> _What the task requires_
Of the entries below, return exactly those lines that fall between the one containing "using mat_trace_eq_sum_roots_char_poly[OF B" and the one containing "sqrt rs) = sqrt", the two end lines included.

> _Records to use_
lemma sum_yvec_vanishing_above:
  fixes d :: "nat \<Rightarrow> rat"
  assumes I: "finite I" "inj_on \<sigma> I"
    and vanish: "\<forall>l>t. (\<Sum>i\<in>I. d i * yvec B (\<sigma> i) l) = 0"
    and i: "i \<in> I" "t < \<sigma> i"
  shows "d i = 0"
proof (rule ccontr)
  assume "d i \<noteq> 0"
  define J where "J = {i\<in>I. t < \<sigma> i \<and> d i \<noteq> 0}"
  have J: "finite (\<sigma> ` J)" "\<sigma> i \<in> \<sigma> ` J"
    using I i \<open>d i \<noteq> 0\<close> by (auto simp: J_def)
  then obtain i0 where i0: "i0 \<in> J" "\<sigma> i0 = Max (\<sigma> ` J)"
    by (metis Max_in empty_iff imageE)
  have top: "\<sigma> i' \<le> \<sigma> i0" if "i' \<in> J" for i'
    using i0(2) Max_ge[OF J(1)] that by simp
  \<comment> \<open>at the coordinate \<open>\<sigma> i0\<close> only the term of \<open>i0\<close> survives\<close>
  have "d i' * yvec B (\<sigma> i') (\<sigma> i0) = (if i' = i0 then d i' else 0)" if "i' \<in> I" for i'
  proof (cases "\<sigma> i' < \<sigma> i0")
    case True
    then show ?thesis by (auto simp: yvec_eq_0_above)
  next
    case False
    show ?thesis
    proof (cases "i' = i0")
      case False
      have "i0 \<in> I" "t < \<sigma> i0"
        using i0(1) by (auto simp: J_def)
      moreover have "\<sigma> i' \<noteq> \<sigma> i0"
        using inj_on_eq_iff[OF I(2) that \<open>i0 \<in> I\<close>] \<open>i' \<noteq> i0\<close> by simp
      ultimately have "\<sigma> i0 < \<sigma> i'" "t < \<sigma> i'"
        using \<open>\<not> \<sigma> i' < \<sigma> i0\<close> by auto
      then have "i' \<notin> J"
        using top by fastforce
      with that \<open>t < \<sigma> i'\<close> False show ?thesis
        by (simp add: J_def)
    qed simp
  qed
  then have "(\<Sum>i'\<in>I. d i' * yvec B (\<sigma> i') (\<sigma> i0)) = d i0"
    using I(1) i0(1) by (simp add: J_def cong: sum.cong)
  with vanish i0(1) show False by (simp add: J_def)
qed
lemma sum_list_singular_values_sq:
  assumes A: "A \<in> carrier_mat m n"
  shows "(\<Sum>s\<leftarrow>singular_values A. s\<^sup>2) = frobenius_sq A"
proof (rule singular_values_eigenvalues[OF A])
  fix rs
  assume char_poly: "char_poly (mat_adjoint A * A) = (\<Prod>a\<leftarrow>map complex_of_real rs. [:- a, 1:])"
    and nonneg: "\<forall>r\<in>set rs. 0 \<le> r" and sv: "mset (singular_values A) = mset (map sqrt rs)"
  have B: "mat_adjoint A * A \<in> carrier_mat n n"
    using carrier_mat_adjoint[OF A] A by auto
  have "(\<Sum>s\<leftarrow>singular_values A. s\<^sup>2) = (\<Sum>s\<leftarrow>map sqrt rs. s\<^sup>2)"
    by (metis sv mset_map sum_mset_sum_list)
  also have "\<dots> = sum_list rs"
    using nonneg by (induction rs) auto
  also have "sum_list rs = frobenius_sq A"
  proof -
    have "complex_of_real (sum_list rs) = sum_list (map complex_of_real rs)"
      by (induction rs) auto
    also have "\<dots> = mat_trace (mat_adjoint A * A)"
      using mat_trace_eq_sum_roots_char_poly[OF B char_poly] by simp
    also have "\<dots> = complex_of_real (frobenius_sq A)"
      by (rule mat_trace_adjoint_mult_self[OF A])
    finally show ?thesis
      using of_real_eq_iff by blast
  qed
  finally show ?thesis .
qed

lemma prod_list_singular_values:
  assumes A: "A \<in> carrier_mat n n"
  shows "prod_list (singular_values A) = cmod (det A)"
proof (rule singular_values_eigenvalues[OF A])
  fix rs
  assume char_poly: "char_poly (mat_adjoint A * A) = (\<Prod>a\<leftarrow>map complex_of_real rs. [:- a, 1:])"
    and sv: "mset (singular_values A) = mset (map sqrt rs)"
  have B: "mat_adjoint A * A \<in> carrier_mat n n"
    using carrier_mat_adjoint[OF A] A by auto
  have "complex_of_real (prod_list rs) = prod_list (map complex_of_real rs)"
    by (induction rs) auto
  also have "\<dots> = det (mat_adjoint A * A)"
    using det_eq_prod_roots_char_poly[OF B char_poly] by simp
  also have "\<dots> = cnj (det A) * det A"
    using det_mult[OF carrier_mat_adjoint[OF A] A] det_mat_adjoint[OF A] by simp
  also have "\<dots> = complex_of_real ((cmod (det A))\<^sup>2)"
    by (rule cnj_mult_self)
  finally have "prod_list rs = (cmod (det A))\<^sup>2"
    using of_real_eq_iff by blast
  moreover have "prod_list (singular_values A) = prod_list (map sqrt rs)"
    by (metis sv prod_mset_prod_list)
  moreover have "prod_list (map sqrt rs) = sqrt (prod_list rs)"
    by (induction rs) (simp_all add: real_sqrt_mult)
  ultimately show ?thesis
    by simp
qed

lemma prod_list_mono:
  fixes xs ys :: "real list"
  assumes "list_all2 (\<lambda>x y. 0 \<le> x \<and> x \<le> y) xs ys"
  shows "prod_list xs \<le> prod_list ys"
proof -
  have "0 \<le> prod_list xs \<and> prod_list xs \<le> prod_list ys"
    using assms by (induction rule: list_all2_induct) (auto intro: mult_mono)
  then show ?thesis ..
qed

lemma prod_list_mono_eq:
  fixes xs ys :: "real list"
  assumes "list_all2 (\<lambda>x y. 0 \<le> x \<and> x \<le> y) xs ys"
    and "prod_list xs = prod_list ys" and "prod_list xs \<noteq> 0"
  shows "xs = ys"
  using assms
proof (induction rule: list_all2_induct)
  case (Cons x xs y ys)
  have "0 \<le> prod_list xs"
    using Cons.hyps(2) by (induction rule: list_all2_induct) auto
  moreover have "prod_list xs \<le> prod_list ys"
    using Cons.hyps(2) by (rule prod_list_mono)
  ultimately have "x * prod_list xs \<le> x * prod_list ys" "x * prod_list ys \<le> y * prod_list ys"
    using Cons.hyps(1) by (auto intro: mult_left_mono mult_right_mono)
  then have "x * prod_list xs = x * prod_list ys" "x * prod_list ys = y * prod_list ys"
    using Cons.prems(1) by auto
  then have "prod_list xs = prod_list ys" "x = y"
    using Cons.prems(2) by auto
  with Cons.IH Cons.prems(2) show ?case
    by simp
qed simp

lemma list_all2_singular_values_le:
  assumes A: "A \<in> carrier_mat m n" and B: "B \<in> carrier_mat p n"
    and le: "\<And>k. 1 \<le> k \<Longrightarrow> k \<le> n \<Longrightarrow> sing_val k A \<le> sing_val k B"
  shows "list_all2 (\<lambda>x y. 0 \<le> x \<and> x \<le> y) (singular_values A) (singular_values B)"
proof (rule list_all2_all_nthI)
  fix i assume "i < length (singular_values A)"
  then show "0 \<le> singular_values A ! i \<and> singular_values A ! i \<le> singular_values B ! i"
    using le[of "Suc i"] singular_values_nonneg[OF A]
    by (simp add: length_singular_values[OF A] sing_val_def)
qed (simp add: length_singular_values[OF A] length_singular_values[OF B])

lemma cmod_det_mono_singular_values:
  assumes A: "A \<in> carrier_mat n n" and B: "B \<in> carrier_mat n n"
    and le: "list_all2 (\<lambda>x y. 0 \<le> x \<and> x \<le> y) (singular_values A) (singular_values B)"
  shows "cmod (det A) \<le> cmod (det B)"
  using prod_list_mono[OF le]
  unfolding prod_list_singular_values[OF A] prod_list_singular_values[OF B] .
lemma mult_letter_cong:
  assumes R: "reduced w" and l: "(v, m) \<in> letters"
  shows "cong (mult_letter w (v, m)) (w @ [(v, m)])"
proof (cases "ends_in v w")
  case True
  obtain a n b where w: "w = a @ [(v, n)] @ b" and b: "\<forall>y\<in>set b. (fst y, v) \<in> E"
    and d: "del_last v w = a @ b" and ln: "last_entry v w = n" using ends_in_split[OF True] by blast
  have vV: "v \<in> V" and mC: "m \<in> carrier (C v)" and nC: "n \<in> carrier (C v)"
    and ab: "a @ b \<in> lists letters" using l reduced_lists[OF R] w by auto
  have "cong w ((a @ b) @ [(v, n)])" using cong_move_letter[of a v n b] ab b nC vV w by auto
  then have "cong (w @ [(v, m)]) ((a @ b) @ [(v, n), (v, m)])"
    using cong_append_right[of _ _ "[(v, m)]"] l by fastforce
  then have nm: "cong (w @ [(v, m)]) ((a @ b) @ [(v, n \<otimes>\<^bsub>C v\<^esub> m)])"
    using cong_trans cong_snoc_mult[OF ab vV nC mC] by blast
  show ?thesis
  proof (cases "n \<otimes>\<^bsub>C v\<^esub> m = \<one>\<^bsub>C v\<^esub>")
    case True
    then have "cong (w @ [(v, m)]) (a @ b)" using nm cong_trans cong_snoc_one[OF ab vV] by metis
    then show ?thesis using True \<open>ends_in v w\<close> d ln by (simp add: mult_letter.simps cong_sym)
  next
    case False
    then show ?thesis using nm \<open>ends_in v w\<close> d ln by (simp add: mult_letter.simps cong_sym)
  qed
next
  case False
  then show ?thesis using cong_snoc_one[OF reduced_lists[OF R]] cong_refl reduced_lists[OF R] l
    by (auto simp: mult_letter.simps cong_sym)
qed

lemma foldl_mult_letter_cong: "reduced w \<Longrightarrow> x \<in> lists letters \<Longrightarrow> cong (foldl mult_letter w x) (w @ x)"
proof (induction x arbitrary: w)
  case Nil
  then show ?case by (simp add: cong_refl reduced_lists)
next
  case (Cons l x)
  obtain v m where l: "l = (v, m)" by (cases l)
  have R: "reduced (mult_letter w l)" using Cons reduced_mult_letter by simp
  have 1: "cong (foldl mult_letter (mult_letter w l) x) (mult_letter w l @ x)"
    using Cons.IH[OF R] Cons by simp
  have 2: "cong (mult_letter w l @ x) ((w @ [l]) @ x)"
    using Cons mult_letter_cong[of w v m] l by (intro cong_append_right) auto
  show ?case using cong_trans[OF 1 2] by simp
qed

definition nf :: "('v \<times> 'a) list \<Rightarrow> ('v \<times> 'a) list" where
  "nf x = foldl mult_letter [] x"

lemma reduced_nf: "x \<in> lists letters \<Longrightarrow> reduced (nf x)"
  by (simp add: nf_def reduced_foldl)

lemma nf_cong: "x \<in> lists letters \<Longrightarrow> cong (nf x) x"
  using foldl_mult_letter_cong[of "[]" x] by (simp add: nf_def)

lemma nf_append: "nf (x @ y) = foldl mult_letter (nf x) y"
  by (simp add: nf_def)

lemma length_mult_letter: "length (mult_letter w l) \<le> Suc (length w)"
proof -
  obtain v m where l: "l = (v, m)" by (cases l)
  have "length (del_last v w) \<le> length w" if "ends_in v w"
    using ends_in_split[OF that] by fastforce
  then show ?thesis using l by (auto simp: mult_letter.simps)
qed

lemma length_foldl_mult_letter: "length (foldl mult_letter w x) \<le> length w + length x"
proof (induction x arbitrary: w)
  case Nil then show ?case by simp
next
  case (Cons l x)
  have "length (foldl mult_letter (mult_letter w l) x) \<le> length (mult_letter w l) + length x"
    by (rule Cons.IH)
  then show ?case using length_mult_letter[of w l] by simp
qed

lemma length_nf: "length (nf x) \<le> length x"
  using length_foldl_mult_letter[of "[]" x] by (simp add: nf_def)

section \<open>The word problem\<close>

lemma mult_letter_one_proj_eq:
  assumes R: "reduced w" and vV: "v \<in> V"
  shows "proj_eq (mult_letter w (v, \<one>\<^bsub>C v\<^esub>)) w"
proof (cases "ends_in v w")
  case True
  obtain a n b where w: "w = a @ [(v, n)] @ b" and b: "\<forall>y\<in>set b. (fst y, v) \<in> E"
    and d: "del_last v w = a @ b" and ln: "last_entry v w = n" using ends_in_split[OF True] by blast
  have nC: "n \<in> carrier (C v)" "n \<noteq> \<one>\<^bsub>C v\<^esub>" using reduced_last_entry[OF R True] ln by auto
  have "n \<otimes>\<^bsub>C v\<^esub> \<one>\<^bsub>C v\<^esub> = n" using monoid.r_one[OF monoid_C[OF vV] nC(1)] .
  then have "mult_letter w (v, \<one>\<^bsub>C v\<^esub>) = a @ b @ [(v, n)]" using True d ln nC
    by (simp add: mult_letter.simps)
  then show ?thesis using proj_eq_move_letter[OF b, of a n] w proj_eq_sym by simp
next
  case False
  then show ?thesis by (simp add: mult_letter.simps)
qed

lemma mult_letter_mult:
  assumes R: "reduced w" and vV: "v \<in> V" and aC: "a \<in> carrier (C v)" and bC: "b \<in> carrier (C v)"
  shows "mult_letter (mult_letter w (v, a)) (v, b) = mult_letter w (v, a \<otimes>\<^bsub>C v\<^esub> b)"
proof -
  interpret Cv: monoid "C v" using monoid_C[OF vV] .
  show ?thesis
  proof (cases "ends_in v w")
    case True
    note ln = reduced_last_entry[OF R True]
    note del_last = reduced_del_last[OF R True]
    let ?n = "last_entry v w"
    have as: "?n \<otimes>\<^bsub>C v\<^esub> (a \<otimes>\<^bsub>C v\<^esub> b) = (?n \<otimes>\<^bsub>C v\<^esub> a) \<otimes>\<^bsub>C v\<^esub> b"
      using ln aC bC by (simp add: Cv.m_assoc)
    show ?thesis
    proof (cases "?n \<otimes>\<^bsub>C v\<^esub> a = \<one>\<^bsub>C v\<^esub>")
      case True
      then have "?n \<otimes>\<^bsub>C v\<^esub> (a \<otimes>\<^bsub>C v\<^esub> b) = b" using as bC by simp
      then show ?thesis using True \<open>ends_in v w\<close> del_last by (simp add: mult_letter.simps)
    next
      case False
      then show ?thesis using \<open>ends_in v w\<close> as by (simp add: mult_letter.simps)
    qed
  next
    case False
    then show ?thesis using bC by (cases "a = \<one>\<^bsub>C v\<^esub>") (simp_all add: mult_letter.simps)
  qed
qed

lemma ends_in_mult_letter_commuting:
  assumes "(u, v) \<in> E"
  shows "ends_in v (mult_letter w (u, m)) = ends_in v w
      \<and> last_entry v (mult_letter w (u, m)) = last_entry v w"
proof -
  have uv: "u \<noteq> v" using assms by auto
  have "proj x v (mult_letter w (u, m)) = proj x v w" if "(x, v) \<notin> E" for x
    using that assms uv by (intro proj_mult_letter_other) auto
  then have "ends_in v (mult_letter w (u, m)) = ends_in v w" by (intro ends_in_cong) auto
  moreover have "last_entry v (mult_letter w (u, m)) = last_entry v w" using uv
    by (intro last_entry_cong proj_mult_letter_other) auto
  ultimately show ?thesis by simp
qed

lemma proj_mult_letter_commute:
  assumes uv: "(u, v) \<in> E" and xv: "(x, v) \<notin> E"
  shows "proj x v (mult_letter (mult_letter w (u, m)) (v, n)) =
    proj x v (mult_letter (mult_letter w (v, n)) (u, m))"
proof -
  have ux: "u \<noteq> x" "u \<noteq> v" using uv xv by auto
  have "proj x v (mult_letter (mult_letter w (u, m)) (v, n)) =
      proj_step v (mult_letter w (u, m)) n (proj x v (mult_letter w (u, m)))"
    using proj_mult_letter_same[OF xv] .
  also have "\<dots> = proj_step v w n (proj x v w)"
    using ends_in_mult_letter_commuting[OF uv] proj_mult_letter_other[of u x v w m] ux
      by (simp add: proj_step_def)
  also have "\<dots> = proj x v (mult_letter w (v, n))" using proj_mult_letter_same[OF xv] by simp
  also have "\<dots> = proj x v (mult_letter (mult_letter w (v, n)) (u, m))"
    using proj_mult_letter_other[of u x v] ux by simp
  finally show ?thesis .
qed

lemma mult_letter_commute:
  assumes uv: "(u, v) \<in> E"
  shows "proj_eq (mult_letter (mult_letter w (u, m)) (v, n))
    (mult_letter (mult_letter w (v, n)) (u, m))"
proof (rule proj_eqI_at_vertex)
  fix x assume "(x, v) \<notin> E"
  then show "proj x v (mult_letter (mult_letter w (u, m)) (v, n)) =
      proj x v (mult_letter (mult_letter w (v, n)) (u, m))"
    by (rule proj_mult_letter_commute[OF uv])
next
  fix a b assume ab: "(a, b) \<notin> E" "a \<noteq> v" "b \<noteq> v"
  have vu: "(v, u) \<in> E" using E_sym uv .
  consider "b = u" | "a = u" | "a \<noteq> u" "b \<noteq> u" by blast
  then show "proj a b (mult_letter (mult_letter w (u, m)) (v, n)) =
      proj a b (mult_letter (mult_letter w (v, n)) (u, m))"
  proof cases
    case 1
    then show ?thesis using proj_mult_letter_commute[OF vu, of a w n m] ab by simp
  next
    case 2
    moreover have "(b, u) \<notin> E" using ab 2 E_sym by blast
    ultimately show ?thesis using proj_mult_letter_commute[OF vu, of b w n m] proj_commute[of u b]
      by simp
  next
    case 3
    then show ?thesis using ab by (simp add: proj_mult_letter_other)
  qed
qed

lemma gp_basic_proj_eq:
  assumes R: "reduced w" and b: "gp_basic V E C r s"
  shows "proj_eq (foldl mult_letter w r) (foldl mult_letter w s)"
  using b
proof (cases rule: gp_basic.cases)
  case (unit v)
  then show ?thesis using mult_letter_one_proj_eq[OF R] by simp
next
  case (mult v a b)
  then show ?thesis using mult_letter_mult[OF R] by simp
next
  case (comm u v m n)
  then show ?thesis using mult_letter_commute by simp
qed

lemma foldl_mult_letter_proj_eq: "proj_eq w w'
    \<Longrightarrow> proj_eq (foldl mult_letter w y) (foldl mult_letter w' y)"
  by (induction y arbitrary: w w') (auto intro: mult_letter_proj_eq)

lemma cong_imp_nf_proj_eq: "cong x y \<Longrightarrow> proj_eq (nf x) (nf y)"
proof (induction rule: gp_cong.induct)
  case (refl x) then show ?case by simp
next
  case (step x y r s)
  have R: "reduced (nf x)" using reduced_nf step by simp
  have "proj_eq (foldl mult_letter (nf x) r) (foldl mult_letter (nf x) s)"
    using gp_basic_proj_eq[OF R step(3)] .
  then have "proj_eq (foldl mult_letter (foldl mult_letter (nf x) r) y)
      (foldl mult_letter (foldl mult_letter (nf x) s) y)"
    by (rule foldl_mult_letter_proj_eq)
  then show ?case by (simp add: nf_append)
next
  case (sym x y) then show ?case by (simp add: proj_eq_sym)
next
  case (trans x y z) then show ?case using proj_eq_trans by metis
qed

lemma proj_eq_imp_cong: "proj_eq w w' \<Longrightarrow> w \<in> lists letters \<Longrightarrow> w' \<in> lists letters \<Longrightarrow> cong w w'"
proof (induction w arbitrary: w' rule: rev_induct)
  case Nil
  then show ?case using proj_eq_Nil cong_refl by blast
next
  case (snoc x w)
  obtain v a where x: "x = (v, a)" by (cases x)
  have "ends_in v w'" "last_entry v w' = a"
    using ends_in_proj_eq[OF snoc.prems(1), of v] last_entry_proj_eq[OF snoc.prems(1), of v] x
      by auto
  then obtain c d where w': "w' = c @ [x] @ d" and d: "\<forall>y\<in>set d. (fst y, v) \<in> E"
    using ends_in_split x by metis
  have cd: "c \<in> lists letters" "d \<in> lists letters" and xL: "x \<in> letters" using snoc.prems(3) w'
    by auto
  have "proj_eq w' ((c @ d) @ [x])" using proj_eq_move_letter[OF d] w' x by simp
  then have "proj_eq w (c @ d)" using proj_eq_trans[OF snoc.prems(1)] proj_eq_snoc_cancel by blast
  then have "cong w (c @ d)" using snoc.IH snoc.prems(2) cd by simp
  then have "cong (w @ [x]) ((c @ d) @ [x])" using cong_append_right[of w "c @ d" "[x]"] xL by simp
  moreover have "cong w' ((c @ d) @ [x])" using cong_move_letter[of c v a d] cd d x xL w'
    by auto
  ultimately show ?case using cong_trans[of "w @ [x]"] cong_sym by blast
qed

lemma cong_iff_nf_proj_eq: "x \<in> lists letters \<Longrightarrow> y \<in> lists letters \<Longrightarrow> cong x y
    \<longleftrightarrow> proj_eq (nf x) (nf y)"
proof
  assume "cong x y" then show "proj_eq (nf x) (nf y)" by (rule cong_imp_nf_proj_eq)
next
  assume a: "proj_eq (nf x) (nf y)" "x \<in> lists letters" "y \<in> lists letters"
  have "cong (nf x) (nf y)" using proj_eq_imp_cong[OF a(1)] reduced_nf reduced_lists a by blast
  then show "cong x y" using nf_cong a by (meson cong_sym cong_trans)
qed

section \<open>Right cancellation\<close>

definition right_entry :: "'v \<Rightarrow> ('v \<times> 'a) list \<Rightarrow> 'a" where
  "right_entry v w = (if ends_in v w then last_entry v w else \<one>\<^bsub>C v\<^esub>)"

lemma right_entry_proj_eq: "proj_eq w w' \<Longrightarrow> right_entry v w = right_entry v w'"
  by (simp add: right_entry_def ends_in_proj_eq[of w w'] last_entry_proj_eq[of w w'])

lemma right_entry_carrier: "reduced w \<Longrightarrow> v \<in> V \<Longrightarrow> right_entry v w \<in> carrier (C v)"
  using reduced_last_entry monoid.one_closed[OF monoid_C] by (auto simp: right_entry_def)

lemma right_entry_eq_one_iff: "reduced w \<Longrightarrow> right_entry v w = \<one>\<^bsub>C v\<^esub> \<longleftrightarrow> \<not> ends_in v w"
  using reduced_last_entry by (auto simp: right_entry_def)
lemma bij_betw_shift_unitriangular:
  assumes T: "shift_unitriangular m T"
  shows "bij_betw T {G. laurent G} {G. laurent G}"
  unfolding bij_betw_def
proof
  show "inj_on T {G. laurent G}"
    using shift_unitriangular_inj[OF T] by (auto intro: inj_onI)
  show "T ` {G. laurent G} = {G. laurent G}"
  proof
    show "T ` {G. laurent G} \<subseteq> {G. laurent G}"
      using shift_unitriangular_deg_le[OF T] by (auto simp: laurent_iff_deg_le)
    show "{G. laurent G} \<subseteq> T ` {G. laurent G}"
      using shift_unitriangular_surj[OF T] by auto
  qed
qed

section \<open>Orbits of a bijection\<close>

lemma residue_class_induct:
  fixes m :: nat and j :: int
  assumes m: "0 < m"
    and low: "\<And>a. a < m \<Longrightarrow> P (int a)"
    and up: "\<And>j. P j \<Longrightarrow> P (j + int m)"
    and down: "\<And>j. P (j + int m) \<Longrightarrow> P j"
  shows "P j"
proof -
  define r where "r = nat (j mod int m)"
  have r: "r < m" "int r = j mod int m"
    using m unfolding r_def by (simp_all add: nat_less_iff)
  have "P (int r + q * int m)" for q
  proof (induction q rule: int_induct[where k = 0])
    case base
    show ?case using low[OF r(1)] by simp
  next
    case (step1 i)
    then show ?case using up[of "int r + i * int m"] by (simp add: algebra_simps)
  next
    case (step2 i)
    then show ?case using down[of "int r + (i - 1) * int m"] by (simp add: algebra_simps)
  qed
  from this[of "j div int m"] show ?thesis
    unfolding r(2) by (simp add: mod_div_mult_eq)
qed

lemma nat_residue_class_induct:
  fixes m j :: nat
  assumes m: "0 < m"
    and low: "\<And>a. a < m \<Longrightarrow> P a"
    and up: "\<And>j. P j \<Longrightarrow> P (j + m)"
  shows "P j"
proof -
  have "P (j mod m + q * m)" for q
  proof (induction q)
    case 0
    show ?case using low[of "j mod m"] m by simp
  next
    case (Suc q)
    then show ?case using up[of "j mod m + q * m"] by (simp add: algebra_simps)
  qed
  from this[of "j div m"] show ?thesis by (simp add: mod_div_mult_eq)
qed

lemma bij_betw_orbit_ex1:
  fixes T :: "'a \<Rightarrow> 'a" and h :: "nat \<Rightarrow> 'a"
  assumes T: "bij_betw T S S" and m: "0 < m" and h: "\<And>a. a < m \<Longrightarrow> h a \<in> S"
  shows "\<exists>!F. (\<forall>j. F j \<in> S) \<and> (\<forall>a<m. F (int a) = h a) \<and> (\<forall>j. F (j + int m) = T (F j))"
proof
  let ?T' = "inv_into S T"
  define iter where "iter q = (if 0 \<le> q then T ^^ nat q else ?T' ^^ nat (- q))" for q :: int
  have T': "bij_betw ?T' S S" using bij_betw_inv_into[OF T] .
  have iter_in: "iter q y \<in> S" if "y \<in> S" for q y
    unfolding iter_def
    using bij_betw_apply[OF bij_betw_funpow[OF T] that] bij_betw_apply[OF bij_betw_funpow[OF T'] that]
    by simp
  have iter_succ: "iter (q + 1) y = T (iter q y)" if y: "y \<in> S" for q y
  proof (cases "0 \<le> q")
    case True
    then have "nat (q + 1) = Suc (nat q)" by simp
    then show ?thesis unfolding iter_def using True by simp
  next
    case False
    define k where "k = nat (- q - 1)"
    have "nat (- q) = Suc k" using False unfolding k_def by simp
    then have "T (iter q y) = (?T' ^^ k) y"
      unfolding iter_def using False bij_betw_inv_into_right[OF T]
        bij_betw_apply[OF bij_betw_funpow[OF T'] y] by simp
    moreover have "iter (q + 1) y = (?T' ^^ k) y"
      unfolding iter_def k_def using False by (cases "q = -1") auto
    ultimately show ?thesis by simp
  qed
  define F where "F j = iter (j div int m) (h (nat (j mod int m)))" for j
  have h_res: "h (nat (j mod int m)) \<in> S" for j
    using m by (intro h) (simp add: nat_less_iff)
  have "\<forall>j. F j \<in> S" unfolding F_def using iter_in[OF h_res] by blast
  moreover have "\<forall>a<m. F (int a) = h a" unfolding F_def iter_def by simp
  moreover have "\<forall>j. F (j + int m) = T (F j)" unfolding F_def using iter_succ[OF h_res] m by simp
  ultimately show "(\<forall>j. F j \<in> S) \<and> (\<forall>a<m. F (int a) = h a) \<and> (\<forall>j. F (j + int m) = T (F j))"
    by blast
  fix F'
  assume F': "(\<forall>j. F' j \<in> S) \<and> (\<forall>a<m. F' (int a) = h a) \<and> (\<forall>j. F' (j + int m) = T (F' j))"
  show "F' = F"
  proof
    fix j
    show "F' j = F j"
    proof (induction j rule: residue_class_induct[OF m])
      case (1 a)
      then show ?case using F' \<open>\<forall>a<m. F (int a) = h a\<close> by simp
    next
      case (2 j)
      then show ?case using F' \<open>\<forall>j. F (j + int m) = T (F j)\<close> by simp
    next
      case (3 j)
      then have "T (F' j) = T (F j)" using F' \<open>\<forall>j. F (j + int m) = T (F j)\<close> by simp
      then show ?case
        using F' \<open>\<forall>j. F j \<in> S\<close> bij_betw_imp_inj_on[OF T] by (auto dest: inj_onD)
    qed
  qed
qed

> _Task solution_
      using mat_trace_eq_sum_roots_char_poly[OF B char_poly] by simp
    also have "\<dots> = complex_of_real (frobenius_sq A)"
      by (rule mat_trace_adjoint_mult_self[OF A])
    finally show ?thesis
      using of_real_eq_iff by blast
  qed
  finally show ?thesis .
qed

lemma prod_list_singular_values:
  assumes A: "A \<in> carrier_mat n n"
  shows "prod_list (singular_values A) = cmod (det A)"
proof (rule singular_values_eigenvalues[OF A])
  fix rs
  assume char_poly: "char_poly (mat_adjoint A * A) = (\<Prod>a\<leftarrow>map complex_of_real rs. [:- a, 1:])"
    and sv: "mset (singular_values A) = mset (map sqrt rs)"
  have B: "mat_adjoint A * A \<in> carrier_mat n n"
    using carrier_mat_adjoint[OF A] A by auto
  have "complex_of_real (prod_list rs) = prod_list (map complex_of_real rs)"
    by (induction rs) auto
  also have "\<dots> = det (mat_adjoint A * A)"
    using det_eq_prod_roots_char_poly[OF B char_poly] by simp
  also have "\<dots> = cnj (det A) * det A"
    using det_mult[OF carrier_mat_adjoint[OF A] A] det_mat_adjoint[OF A] by simp
  also have "\<dots> = complex_of_real ((cmod (det A))\<^sup>2)"
    by (rule cnj_mult_self)
  finally have "prod_list rs = (cmod (det A))\<^sup>2"
    using of_real_eq_iff by blast
  moreover have "prod_list (singular_values A) = prod_list (map sqrt rs)"
    by (metis sv prod_mset_prod_list)
  moreover have "prod_list (map sqrt rs) = sqrt (prod_list rs)"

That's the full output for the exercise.